::: Source records

(* Let $p$ be a prime and $\mathcal{A}$ an irreducible $3\times3$ znz-pattern. Then $\mathcal{A}$ is potentially nilpotent over $\mathbb{Z}_p$ if and only if, up to equivalence, one of the following holds: 1. $\mathcal{A}$ is one of $\begin{bmatrix}0&*&0\\ *&0&*\\ 0&*&0\end{bmatrix}$, $\begin{bmatrix}*&*&0\\ *&0&*\\ *&0&*\end{bmatrix}$, $\begin{bmatrix}0&*&0\\ *&*&*\\ *&0&*\end{bmatrix}$, $\begin{bmatrix}*&*&*\\ *&*&*\\ *&*&0\end{bmatrix}$ (any $p$); 2. $\mathcal{A}$ is one of $\begin{bmatrix}*&*&0\\ *&0&*\\ 0&*&*\end{bmatrix}$, $\begin{bmatrix}*&*&*\\ *&*&*\\ *&0&0\end{bmatrix}$, $\begin{bmatrix}*&*&*\\ *&0&*\\ *&0&*\end{bmatrix}$, $\begin{bmatrix}*&*&*\\ *&*&*\\ *&0&*\end{bmatrix}$, $\begin{bmatrix}0&*&*\\ *&0&*\\ *&*&0\end{bmatrix}$, $\begin{bmatrix}*&*&*\\ *&*&*\\ *&*&*\end{bmatrix}$, and $p\neq2$; 3. $\mathcal{A}$ is one of $\begin{bmatrix}*&*&0\\ *&*&*\\ 0&*&*\end{bmatrix}$, $\begin{bmatrix}*&*&0\\ *&*&*\\ *&0&*\end{bmatrix}$, $\begin{bmatrix}0&*&*\\ *&*&*\\ *&0&*\end{bmatrix}$, and $p\notin\{2,3\}$; 4. $\mathcal{A}=\begin{bmatrix}*&*&0\\ 0&*&*\\ *&0&*\end{bmatrix}$ and the polynomial $x^3-1$ splits into three linear factors over $\mathbb{Z}_p$.
   Context: A znz-pattern is a square matrix with entries in $\{*,0\}$; a realization over $\mathbb{F}$ is a matrix over $\mathbb{F}$ with nonzero entries exactly at the $*$ positions; potentially nilpotent over $\mathbb{F}$ means some realization is nilpotent. The digraph $D(\mathcal{A})$ has vertices $1,\ldots,n$ and an arc $(i,j)$ when $\mathcal{A}_{i,j}=*$; $\mathcal{A}$ is irreducible iff $D(\mathcal{A})$ is strongly connected. Two patterns are equivalent if they have the same digraph up to relabeling of vertices (i.e., they are permutation similar). $\mathbb{Z}_p$ is the field with $p$ elements. *)

theory Defs
  imports "Jordan_Normal_Form.Matrix" "Berlekamp_Zassenhaus.Finite_Field"
    "HOL-Computational_Algebra.Polynomial" "HOL-Combinatorics.Permutations"
begin

text \<open>A znz-pattern of order n is a boolean n x n matrix: True stands for a star
  (nonzero) entry, False for a zero entry.\<close>

definition is_pattern :: "nat \<Rightarrow> bool mat \<Rightarrow> bool" where
  "is_pattern n P \<longleftrightarrow> P \<in> carrier_mat n n"

definition realizes :: "'a::zero mat \<Rightarrow> bool mat \<Rightarrow> bool" where
  "realizes A P \<longleftrightarrow> dim_row A = dim_row P \<and> dim_col A = dim_col P \<and>
     (\<forall>i < dim_row P. \<forall>j < dim_col P. (A $$ (i, j) \<noteq> 0) = P $$ (i, j))"

definition nilpotent_mat :: "'a::semiring_1 mat \<Rightarrow> bool" where
  "nilpotent_mat A \<longleftrightarrow> (\<exists>k. A ^\<^sub>m k = 0\<^sub>m (dim_row A) (dim_col A))"

definition pot_nilpotent :: "'a::field itself \<Rightarrow> bool mat \<Rightarrow> bool" where
  "pot_nilpotent _ P \<longleftrightarrow> (\<exists>A :: 'a mat. realizes A P \<and> nilpotent_mat A)"

definition arcs :: "bool mat \<Rightarrow> (nat \<times> nat) set" where
  "arcs P = {(i, j). i < dim_row P \<and> j < dim_col P \<and> P $$ (i, j)}"

definition irreducible_pattern :: "bool mat \<Rightarrow> bool" where
  "irreducible_pattern P \<longleftrightarrow>
     (\<forall>i < dim_row P. \<forall>j < dim_row P. (i, j) \<in> (arcs P)\<^sup>*)"

definition equiv_pattern :: "bool mat \<Rightarrow> bool mat \<Rightarrow> bool" where
  "equiv_pattern P Q \<longleftrightarrow> dim_row P = dim_row Q \<and> dim_col P = dim_row P \<and>
     dim_col Q = dim_row Q \<and>
     (\<exists>\<sigma>. \<sigma> permutes {..<dim_row P} \<and>
        (\<forall>i < dim_row P. \<forall>j < dim_row P. P $$ (\<sigma> i, \<sigma> j) = Q $$ (i, j)))"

::::::

## What to produce:
Throughout the records above, find the lines in which the word "nonzero" appears and return them.

## Task result:
   Context: A znz-pattern is a square matrix with entries in $\{*,0\}$; a realization over $\mathbb{F}$ is a matrix over $\mathbb{F}$ with nonzero entries exactly at the $*$ positions; potentially nilpotent over $\mathbb{F}$ means some realization is nilpotent. The digraph $D(\mathcal{A})$ has vertices $1,\ldots,n$ and an arc $(i,j)$ when $\mathcal{A}_{i,j}=*$; $\mathcal{A}$ is irreducible iff $D(\mathcal{A})$ is strongly connected. Two patterns are equivalent if they have the same digraph up to relabeling of vertices (i.e., they are permutation similar). $\mathbb{Z}_p$ is the field with $p$ elements. *)
  (nonzero) entry, False for a zero entry.\<close>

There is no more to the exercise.